Just remember: The smaller the victim? The sicker the mind. So, naturally they start with the most vulnerable, weakest, most ill/broken in our communities. They, especially have No voice, no power-at all.......
They need Our support.....because they are virtually Helpless/not capable of fighting this all on their own And in supporting/protecting Their interests we Protect also our Own.
jwirr
(39,215 posts)madville
(7,412 posts)Normally they take money from the OASDI SS trust funds like the rule allowed.
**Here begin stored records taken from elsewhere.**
text \<open>Both terms of the objective are invariant under \<open>X \<mapsto> U X V\<^sup>*\<close> for unitary \<open>U\<close>, \<open>V\<close>,
  so \<open>F\<close> may be taken diagonal with entries \<open>\<phi>\<^sub>j\<close>; wide matrices reduce to tall ones by taking
  adjoints. In terms of the singular values \<open>\<sigma>\<^sub>k\<close> of \<open>X\<close> the objective is
  \<open>\<Sum>\<^sub>k g(\<sigma>\<^sub>k) - 2 Re \<langle>X, F\<rangle> + \<parallel>F\<parallel>\<^sup>2\<close> with \<open>g(s) = 2 s0 s + (s - s0)\<^sub>+\<^sup>2 + \<alpha>/2 s\<^sup>2\<close> convex and
  nondecreasing. The moduli of the diagonal entries of \<open>X\<close> are bounded by doubly substochastic averages
  of the \<open>\<sigma>\<^sub>k\<close> (Bessel's inequality and AM-GM), hence \<open>\<Sum>\<^sub>k g(\<sigma>\<^sub>k) \<ge> \<Sum>\<^sub>j g(|X\<^sub>j\<^sub>j|)\<close>, while
  \<open>Re \<langle>X, F\<rangle> \<le> \<Sum>\<^sub>j \<phi>\<^sub>j |X\<^sub>j\<^sub>j|\<close>. The problem thus decouples into minimising \<open>g(x) - 2 \<phi>\<^sub>j x\<close> over
  \<open>x \<ge> 0\<close>, which \<open>x = f\<^sub>\<alpha>(\<phi>\<^sub>j)\<close> does, and the diagonal matrix with these entries attains every bound.\<close>

section \<open>Adjoints and unitary matrices\<close>

lemma mat_adjoint_dim [simp]:
  "dim_row (mat_adjoint A) = dim_col A" "dim_col (mat_adjoint A) = dim_row A"
  unfolding mat_adjoint_def by (auto simp: cols_def)

lemma index_mat_adjoint [simp]:
  "i < dim_col A \<Longrightarrow> j < dim_row A \<Longrightarrow> mat_adjoint (A :: complex mat) $$ (i,j) = cnj (A $$ (j,i))"
  unfolding mat_adjoint_def by (auto simp: cols_def mat_of_rows_index)

lemma mat_adjoint_carrier_iff [simp]: "mat_adjoint A \<in> carrier_mat n m \<longleftrightarrow> A \<in> carrier_mat m n"
  unfolding carrier_mat_def by auto

lemma mat_adjoint_adjoint [simp]: "mat_adjoint (mat_adjoint (A :: complex mat)) = A"
  by (rule eq_matI) auto

lemma mat_adjoint_one [simp]: "mat_adjoint (1\<^sub>m n :: complex mat) = 1\<^sub>m n"
  by (rule eq_matI) auto

lemma index_mult_mat_sum:
  "i < dim_row A \<Longrightarrow> j < dim_col B \<Longrightarrow> dim_col A = dim_row B \<Longrightarrow>
   (A * B) $$ (i,j) = (\<Sum>k<dim_row B. A $$ (i,k) * B $$ (k,j))"
  by (simp add: index_mult_mat scalar_prod_def atLeast0LessThan)

declare index_mult_mat(1)[simp del]

lemma mat_adjoint_mult:
  assumes "(A :: complex mat) \<in> carrier_mat m n" "B \<in> carrier_mat n k"
  shows "mat_adjoint (A * B) = mat_adjoint B * mat_adjoint A"
  using assms
  by (intro eq_matI) (auto simp: index_mult_mat_sum mult.commute cnj_sum)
My guess is they are going to use this funding "crisis" as leverage to attach to something else they want.
Yo_Mama
(8,303 posts)Under current law, that means benefits will be cut to the amount that incoming receipts will pay.
When the OAS fund runs out, the same will happen. That's currently estimated to be 2033 or 2034, but CBO thought it would run out late in the 2020s when they ran the numbers.
DI benefits can be continued, but only by taking money from the OAS fund and thus causing benefit cuts for SS recipients earlier.
napi21
(45,806 posts)Too many people are on regular SS, they know it's a dead issue before it gets proposed.